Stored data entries
_ _ _ _ _
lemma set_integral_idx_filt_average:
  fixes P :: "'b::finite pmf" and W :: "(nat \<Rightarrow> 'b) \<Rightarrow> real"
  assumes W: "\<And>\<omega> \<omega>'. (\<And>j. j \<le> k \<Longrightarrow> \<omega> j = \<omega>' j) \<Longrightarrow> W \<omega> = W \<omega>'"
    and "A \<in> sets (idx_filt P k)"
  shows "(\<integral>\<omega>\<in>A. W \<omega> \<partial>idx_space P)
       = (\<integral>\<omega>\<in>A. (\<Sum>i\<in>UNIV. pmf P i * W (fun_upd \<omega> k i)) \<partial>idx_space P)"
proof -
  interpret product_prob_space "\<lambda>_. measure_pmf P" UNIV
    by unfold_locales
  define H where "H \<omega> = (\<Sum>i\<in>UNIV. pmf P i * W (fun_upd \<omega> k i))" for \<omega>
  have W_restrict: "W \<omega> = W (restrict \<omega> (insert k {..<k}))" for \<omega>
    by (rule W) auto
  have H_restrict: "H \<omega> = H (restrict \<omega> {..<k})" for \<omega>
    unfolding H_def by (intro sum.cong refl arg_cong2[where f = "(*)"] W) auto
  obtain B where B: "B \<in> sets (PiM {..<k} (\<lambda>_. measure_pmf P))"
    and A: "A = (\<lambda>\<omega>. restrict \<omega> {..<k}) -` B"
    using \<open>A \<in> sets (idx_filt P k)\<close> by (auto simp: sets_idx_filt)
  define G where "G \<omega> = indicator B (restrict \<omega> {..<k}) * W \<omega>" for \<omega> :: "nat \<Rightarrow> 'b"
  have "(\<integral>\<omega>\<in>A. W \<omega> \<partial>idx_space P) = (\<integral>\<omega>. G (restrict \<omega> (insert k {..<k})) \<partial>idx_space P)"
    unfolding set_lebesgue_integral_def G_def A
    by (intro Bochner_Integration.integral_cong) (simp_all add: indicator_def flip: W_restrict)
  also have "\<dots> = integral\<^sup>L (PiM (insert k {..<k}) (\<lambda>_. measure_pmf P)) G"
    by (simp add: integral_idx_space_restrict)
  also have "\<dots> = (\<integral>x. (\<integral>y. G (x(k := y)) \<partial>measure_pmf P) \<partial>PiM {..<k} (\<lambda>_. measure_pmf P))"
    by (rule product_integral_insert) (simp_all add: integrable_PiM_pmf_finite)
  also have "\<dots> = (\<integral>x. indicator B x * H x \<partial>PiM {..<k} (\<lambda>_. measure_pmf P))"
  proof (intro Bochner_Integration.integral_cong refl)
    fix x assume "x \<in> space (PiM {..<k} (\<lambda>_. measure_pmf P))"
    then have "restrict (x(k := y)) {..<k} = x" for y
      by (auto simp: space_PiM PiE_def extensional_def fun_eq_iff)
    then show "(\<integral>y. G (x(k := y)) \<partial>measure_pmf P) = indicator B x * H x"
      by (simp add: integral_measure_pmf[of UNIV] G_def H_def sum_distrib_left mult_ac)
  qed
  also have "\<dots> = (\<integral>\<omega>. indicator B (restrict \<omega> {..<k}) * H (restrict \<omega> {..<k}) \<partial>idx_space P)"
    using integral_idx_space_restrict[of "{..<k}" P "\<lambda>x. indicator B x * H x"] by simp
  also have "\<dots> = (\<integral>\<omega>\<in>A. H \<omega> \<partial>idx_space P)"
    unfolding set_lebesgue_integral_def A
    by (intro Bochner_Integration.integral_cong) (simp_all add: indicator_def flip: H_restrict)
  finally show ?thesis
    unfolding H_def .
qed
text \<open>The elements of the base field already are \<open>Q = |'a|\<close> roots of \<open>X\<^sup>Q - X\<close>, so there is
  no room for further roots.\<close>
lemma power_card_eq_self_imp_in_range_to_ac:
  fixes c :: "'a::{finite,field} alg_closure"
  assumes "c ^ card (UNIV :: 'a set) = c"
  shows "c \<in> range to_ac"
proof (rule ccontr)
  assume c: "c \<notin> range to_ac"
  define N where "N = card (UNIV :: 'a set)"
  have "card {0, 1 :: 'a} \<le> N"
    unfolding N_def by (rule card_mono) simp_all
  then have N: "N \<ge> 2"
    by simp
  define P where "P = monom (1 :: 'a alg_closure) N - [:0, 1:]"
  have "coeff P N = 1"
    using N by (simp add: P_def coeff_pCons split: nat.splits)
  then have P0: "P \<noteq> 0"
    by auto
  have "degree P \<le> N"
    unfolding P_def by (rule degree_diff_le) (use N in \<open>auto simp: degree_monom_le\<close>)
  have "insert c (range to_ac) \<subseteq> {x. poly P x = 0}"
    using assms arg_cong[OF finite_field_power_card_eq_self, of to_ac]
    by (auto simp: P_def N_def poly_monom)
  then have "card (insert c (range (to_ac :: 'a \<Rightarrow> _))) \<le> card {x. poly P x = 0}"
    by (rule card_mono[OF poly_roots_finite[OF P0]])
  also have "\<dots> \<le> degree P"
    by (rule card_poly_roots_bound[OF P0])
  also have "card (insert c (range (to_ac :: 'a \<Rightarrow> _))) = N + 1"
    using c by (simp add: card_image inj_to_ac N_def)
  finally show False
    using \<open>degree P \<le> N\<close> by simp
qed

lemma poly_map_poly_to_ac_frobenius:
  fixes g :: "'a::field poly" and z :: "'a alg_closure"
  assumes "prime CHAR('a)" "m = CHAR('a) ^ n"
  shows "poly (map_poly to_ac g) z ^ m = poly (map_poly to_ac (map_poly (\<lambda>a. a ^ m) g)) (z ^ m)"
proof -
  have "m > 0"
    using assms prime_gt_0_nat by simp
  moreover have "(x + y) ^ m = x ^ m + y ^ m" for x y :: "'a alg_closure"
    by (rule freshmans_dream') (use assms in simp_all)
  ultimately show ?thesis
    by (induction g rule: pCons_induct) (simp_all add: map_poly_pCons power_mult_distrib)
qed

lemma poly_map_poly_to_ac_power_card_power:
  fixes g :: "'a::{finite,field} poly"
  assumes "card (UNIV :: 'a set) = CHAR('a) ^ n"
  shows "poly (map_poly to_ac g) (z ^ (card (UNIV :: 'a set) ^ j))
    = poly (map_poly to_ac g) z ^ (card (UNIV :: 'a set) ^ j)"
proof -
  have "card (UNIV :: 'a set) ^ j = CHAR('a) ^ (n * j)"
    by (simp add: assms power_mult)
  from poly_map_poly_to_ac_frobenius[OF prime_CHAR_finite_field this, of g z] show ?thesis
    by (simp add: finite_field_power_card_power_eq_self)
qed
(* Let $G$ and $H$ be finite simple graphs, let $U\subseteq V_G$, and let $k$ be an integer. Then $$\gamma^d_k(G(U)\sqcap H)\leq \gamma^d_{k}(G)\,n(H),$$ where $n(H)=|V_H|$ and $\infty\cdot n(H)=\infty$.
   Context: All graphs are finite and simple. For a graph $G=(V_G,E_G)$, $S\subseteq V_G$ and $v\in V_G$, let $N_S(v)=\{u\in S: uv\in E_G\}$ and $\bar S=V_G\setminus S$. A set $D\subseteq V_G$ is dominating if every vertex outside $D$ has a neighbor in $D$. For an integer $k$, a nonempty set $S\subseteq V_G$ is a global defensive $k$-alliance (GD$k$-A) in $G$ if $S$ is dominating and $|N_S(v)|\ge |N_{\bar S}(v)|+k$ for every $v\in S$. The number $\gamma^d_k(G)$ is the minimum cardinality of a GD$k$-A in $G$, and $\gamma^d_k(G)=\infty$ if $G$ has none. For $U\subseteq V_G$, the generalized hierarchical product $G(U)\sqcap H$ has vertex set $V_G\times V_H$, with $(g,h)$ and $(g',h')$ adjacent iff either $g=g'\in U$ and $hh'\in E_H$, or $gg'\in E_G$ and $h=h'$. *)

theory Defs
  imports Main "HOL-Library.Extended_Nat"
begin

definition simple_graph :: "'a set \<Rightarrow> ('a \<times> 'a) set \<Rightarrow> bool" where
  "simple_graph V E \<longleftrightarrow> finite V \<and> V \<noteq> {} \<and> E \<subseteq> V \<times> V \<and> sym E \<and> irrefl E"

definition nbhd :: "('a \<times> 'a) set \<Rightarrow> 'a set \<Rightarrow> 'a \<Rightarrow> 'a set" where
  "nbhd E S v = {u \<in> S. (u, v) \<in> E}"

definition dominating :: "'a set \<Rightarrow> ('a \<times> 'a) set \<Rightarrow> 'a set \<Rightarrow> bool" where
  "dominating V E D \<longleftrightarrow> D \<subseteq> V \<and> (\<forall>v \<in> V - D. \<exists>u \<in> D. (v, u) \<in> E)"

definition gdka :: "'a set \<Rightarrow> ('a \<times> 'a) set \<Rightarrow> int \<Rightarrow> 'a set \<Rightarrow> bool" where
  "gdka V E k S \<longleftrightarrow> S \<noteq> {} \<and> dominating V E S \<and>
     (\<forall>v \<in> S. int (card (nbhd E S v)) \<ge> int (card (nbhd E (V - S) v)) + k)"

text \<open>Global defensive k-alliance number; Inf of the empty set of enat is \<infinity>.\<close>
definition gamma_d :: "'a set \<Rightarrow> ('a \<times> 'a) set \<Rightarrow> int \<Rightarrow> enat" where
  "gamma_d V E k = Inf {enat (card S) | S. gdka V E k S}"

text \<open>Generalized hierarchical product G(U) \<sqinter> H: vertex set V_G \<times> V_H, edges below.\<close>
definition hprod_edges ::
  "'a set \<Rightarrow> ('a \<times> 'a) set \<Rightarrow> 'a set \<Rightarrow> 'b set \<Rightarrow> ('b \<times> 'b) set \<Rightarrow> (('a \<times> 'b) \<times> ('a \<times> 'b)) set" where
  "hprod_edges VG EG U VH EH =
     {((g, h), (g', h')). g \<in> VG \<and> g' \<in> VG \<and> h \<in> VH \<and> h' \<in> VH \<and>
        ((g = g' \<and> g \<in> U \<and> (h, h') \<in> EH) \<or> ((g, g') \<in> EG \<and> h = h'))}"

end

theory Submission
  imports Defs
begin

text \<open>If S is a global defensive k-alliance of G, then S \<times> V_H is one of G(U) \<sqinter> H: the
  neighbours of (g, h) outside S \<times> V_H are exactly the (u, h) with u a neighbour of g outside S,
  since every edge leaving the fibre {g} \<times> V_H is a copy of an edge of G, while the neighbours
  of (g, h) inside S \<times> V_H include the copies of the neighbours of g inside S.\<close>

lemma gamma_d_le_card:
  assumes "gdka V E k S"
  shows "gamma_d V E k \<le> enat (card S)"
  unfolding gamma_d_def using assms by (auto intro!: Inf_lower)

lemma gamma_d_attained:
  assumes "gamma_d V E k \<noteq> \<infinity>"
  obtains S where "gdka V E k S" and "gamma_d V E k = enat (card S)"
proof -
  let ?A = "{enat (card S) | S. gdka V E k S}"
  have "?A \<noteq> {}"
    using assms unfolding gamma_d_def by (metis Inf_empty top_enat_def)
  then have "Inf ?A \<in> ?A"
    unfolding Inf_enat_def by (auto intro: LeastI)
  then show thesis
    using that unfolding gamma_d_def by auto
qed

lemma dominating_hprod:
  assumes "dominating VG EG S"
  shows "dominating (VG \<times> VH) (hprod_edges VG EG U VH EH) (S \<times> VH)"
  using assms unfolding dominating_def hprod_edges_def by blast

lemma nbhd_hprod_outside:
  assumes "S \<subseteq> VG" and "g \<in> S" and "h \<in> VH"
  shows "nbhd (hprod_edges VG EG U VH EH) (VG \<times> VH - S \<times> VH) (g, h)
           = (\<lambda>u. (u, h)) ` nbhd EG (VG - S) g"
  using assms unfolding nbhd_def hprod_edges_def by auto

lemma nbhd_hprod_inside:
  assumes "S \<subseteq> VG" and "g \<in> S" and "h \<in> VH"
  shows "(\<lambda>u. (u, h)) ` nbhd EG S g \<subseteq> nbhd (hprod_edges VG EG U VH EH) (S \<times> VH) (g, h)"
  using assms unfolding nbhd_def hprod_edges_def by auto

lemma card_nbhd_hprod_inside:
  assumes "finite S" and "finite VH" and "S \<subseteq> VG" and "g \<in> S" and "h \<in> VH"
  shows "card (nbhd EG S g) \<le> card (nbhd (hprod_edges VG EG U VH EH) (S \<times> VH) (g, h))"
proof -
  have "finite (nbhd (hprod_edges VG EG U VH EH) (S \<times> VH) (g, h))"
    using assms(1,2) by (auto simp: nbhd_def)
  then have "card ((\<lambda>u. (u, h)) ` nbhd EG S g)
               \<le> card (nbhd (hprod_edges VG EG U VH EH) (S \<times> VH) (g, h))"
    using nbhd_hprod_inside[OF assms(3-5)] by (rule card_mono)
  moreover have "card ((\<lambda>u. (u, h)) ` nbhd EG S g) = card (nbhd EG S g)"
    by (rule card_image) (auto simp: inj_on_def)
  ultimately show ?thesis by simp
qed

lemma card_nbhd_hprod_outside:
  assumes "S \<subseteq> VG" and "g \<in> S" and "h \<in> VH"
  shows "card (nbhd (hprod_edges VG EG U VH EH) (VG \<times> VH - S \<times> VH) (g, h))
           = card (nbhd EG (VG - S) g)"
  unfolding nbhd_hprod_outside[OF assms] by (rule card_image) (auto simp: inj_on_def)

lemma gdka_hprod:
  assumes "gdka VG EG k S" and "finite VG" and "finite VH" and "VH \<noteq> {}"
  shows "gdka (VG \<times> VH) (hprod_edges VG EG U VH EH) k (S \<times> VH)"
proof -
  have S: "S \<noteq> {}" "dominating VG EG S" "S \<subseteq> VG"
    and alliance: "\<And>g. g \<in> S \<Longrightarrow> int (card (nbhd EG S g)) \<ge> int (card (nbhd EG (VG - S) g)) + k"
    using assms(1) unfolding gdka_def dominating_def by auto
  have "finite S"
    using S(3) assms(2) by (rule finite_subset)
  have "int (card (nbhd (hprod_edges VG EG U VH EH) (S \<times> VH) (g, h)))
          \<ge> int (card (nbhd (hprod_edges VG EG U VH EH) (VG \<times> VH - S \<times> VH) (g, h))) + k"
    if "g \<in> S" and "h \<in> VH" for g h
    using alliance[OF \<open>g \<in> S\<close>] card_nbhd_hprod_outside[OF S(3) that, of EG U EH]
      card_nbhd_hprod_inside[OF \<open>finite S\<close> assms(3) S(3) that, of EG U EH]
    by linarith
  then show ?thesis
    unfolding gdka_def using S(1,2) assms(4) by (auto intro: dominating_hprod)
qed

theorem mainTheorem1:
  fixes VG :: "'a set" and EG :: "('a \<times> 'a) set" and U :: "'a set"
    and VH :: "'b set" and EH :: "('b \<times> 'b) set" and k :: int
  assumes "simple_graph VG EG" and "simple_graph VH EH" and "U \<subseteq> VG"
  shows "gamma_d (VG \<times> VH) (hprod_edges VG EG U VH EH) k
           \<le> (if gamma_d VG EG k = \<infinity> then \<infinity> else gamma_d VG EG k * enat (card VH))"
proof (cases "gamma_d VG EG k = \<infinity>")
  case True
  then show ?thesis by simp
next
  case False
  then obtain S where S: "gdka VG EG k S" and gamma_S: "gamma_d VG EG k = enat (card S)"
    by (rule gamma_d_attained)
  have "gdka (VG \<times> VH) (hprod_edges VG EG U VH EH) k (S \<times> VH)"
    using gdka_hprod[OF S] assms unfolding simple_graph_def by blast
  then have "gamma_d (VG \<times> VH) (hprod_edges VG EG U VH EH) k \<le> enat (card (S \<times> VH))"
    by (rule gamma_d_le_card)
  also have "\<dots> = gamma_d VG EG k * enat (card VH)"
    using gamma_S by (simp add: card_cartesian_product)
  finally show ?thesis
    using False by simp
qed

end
_ _ _ _ _
— WHAT THE EXERCISE ASKS —
Where does the word "moreover" appear in the records? Copy every line that holds it.

— SOLUTION BELOW —
  moreover have "(x + y) ^ m = x ^ m + y ^ m" for x y :: "'a alg_closure"
  moreover have "card ((\<lambda>u. (u, h)) ` nbhd EG S g) = card (nbhd EG S g)"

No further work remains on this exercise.